▶ [Task details]:
Copy each line from the data that has the word "valid" in it.

══ Data ══

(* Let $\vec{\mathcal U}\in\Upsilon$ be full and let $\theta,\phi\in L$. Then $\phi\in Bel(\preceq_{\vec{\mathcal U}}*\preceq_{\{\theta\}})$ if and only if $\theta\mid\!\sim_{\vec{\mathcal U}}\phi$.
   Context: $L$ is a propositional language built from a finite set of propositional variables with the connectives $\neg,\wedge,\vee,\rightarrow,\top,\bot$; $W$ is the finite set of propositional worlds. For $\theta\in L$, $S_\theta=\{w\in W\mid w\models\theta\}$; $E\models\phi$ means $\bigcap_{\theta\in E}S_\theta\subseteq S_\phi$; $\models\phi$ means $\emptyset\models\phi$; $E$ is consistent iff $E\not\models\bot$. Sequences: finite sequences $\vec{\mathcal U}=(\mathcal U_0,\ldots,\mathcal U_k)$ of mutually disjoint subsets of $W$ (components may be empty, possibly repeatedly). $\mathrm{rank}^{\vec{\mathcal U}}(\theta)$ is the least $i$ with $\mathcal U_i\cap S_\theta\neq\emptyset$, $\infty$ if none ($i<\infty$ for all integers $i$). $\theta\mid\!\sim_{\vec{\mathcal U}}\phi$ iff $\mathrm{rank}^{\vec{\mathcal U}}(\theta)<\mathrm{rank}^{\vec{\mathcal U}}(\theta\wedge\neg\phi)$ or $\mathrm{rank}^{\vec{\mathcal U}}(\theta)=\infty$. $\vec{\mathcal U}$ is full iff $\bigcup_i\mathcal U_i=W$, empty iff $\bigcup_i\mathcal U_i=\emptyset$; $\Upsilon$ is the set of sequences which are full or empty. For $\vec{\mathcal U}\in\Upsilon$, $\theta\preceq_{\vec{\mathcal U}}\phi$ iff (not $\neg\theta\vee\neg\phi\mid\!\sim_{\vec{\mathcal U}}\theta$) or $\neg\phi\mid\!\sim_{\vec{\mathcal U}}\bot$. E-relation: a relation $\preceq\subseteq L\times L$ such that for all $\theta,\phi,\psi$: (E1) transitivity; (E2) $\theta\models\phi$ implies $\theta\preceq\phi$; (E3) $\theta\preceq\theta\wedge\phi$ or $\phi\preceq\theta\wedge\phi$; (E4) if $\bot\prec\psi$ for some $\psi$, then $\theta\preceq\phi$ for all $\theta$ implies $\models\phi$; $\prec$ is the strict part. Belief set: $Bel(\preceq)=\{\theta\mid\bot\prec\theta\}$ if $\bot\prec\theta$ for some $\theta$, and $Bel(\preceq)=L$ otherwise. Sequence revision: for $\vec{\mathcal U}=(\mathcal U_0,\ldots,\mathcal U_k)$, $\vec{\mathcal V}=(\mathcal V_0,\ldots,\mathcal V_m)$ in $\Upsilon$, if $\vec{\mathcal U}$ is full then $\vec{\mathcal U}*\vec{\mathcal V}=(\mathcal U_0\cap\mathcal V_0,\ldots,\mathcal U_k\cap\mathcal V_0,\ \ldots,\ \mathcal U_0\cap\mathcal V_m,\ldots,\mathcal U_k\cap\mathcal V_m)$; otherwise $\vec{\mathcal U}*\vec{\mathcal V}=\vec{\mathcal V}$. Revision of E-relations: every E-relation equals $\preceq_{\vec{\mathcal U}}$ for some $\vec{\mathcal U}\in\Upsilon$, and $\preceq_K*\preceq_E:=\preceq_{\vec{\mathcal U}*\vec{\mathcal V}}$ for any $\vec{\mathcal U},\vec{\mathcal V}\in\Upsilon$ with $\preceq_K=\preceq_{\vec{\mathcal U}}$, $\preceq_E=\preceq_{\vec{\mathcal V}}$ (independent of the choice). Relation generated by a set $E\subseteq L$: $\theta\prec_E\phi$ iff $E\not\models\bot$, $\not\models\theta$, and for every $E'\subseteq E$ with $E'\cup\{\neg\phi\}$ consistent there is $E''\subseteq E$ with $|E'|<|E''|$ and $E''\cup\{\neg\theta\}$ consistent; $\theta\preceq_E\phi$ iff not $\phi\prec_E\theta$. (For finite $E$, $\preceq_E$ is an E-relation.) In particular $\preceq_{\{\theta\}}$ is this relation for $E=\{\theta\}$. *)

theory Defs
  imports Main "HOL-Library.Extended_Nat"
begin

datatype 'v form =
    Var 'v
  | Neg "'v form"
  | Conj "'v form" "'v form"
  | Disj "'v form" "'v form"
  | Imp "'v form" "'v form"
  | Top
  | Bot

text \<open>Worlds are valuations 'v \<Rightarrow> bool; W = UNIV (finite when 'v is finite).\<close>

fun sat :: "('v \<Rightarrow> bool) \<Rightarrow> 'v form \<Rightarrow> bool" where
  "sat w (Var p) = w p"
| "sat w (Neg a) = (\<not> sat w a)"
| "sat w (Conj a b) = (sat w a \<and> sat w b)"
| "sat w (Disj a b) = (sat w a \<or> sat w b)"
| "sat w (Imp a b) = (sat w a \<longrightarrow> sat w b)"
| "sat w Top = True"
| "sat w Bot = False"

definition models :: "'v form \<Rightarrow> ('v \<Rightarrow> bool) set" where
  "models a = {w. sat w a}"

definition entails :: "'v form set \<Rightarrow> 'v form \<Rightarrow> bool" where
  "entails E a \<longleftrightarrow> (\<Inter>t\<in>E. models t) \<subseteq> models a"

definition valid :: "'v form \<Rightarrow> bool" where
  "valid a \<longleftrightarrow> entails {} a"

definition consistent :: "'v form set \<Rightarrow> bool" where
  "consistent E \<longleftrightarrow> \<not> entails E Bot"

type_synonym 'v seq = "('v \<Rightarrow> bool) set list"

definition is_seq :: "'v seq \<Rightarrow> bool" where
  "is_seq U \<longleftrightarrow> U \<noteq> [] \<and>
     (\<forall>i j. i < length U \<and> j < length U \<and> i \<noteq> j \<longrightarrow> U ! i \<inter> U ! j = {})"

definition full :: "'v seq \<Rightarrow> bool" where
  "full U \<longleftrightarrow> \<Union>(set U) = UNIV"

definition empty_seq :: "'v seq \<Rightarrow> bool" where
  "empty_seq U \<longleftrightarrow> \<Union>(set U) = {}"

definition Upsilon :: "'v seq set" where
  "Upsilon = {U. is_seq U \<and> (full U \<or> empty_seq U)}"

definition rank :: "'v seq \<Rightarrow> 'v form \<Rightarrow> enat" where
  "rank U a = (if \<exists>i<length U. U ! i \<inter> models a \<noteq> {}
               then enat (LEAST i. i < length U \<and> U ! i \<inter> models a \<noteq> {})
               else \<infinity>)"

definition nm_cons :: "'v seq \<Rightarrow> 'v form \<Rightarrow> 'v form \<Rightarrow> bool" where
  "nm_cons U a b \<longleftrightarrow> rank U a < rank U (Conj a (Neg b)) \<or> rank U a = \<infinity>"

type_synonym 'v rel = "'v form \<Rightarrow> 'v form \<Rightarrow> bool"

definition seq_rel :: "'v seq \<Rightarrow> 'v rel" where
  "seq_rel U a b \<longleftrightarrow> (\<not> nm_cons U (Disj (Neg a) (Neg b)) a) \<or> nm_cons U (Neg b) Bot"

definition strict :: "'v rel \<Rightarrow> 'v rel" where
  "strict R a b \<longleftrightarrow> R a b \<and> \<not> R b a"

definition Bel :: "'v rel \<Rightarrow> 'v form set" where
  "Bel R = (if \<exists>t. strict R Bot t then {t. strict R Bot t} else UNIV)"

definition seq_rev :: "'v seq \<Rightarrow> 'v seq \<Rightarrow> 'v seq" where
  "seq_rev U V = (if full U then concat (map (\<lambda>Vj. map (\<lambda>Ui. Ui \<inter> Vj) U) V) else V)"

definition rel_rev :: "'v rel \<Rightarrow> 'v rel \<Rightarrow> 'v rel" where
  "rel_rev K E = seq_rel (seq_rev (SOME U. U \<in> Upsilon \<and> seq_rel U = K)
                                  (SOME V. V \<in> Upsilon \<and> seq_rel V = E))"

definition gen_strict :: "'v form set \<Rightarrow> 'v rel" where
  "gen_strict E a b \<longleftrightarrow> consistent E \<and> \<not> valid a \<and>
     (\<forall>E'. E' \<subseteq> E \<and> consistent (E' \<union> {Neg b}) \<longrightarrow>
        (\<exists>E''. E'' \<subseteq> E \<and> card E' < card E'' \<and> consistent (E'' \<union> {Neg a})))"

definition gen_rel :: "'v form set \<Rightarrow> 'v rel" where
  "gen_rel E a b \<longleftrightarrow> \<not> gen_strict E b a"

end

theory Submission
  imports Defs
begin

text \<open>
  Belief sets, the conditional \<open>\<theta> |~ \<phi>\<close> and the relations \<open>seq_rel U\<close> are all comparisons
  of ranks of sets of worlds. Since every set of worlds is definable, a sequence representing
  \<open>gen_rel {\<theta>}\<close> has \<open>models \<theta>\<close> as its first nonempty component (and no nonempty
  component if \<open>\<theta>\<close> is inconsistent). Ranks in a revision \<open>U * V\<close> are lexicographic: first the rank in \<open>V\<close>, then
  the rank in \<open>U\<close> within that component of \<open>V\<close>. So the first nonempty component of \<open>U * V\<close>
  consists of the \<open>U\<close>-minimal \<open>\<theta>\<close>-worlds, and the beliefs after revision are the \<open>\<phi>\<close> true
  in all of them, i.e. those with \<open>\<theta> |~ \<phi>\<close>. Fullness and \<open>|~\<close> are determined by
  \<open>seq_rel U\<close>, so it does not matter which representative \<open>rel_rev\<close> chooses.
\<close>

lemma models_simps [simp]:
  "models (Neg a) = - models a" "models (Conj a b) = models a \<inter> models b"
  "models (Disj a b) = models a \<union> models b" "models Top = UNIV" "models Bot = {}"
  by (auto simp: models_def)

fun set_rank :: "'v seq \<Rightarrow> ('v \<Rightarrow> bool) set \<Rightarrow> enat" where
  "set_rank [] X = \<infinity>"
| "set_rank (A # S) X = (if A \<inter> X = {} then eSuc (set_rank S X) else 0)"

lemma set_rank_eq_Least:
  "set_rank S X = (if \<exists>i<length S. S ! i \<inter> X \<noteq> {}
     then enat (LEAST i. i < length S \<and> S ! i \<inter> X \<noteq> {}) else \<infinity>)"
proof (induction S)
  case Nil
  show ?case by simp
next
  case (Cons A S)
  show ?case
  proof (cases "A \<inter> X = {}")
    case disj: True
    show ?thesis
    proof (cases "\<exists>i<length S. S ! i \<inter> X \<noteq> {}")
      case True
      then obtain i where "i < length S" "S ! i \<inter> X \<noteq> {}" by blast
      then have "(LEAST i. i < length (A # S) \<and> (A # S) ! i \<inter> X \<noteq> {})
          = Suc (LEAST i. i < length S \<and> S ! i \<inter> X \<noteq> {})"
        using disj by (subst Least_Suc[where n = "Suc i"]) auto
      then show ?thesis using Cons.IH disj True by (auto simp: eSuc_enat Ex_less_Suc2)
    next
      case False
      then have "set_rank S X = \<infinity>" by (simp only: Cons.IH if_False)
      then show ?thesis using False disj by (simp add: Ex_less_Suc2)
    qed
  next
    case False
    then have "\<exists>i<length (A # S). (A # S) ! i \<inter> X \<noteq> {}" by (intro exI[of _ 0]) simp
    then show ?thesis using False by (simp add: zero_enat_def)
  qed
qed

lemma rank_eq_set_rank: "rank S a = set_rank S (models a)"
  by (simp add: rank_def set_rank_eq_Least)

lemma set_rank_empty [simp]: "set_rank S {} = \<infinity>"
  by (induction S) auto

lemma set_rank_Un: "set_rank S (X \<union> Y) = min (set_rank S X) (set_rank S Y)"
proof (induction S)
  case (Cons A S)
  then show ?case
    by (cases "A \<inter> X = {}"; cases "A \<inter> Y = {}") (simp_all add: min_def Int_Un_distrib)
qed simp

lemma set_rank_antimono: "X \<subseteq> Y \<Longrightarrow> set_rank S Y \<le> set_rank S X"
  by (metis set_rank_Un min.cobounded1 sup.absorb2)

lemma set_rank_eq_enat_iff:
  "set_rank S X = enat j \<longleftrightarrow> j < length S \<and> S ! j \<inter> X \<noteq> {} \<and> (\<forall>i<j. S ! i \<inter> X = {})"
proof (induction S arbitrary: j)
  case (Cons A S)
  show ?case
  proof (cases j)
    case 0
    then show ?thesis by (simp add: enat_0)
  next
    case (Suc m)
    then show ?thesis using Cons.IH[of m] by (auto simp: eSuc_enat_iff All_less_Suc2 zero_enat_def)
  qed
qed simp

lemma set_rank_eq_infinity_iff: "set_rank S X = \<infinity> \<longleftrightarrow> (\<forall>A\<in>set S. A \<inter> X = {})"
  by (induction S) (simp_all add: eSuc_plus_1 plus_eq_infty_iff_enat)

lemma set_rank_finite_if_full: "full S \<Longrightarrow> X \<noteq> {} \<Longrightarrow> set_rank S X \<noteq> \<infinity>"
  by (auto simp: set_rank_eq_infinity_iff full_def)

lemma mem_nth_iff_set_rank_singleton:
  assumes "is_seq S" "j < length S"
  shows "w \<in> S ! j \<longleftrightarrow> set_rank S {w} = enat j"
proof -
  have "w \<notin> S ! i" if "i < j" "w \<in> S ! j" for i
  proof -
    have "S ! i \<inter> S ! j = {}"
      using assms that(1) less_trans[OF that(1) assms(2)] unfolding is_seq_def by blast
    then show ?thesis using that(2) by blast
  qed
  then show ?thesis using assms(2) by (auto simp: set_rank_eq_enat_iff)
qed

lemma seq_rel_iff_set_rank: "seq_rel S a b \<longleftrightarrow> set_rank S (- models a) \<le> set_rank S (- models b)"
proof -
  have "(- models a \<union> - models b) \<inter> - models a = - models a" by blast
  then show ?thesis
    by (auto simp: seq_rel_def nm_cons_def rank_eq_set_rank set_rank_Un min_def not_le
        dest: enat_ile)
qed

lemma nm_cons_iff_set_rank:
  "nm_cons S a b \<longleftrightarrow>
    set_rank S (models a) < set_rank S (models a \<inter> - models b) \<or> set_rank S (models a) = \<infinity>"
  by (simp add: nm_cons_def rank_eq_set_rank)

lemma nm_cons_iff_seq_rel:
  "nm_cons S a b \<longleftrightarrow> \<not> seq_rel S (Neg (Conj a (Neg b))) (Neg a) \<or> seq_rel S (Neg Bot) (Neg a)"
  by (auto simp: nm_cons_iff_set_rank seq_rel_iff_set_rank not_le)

═══
══ Data ══

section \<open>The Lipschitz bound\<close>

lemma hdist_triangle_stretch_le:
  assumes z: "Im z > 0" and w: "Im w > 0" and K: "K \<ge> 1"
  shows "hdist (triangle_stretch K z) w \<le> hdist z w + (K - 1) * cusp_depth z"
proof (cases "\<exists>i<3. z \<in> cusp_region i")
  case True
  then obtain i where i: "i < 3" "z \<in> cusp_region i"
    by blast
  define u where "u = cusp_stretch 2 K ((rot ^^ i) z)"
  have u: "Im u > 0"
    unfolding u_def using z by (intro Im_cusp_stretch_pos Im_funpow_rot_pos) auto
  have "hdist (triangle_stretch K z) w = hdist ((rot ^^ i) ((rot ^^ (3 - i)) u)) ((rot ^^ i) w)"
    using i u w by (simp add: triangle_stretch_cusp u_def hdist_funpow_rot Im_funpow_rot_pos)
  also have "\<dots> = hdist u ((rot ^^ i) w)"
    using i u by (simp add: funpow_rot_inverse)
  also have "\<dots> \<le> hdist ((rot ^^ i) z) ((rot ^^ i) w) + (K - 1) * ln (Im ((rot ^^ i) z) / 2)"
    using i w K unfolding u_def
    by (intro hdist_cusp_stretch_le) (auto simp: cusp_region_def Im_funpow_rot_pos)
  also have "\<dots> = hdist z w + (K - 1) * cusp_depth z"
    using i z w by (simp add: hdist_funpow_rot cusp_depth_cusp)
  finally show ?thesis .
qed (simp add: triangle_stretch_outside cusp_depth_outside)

═══
══ Data ══

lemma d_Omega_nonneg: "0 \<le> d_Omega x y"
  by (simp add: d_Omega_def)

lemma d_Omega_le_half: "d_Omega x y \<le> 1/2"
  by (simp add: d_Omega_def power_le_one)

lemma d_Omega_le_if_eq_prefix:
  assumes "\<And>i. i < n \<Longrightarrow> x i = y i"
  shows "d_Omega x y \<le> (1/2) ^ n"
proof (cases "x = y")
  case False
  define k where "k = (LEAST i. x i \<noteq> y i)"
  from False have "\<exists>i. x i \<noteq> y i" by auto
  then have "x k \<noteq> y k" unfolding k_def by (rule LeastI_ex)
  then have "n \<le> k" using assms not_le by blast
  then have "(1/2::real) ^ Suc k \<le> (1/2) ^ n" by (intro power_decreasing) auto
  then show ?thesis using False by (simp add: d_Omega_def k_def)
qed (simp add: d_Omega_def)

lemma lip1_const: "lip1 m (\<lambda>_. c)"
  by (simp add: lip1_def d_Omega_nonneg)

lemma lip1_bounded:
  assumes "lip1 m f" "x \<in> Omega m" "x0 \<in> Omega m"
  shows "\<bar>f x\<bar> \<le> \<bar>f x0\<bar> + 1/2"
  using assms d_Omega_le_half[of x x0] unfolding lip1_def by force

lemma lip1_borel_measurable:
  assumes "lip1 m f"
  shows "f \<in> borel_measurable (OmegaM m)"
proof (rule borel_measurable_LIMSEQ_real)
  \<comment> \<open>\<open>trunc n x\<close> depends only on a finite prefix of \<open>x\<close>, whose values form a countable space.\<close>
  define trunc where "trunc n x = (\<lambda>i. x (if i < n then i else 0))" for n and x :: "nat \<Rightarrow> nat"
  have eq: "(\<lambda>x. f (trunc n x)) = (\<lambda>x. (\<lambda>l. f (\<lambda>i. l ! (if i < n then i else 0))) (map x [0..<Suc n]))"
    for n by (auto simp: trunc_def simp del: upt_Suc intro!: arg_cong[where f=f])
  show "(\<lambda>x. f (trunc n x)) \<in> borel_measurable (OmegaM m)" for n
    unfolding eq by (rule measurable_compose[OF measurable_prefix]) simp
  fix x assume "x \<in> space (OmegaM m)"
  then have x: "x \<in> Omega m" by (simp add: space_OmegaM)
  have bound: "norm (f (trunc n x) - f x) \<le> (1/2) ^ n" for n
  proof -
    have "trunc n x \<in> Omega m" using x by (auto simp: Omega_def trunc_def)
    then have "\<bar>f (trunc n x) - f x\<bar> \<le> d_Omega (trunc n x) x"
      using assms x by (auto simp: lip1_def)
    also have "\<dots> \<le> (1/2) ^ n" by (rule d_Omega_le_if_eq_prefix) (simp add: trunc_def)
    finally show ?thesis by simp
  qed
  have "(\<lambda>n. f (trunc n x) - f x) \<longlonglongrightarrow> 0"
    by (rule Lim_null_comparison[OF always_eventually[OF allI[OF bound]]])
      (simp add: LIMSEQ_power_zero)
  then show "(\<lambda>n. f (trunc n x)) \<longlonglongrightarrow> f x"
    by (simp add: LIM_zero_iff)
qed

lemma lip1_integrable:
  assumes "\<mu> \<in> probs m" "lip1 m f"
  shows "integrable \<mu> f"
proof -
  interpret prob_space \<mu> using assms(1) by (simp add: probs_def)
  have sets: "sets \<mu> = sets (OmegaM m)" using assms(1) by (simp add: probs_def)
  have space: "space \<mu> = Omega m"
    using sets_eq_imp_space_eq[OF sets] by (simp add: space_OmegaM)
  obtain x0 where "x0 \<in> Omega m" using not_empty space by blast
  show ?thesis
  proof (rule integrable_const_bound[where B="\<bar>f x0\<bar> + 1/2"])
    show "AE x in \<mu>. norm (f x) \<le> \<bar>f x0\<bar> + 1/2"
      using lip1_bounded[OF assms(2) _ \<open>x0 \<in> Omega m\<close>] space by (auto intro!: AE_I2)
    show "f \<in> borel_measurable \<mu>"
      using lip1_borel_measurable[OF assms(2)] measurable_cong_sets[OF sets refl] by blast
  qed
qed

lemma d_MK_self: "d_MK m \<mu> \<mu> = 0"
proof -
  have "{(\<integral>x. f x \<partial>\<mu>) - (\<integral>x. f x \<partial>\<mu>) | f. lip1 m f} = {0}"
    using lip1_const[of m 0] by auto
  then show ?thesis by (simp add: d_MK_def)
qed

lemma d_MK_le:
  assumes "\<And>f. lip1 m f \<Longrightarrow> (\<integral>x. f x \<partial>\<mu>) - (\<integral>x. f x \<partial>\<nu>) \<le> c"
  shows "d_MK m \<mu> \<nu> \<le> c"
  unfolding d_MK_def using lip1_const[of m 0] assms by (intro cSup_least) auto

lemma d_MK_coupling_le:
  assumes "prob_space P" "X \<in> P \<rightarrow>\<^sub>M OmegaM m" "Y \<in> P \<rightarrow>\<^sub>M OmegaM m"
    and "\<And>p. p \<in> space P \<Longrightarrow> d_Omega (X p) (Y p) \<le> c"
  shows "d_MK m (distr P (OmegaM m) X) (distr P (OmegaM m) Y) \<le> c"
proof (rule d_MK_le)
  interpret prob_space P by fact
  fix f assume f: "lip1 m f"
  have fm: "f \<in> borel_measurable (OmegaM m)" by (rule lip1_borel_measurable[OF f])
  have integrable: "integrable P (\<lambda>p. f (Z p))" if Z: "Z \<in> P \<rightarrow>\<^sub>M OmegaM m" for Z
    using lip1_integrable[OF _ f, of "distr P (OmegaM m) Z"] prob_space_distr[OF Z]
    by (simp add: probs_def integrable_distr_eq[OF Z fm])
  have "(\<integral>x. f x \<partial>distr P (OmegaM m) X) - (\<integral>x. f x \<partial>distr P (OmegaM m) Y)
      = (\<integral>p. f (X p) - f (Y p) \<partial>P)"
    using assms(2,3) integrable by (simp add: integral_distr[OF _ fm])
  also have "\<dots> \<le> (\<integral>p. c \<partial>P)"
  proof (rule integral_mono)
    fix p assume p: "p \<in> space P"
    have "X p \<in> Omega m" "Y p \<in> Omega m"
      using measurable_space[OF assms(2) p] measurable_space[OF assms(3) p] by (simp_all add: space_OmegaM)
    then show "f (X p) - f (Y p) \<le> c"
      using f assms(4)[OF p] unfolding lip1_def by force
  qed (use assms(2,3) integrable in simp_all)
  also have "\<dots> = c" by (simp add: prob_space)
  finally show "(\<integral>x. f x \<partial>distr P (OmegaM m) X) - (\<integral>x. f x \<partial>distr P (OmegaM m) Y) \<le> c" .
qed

═══

▶ [Result of this task]:
definition valid :: "'v form \<Rightarrow> bool" where
  "valid a \<longleftrightarrow> entails {} a"
  "gen_strict E a b \<longleftrightarrow> consistent E \<and> \<not> valid a \<and>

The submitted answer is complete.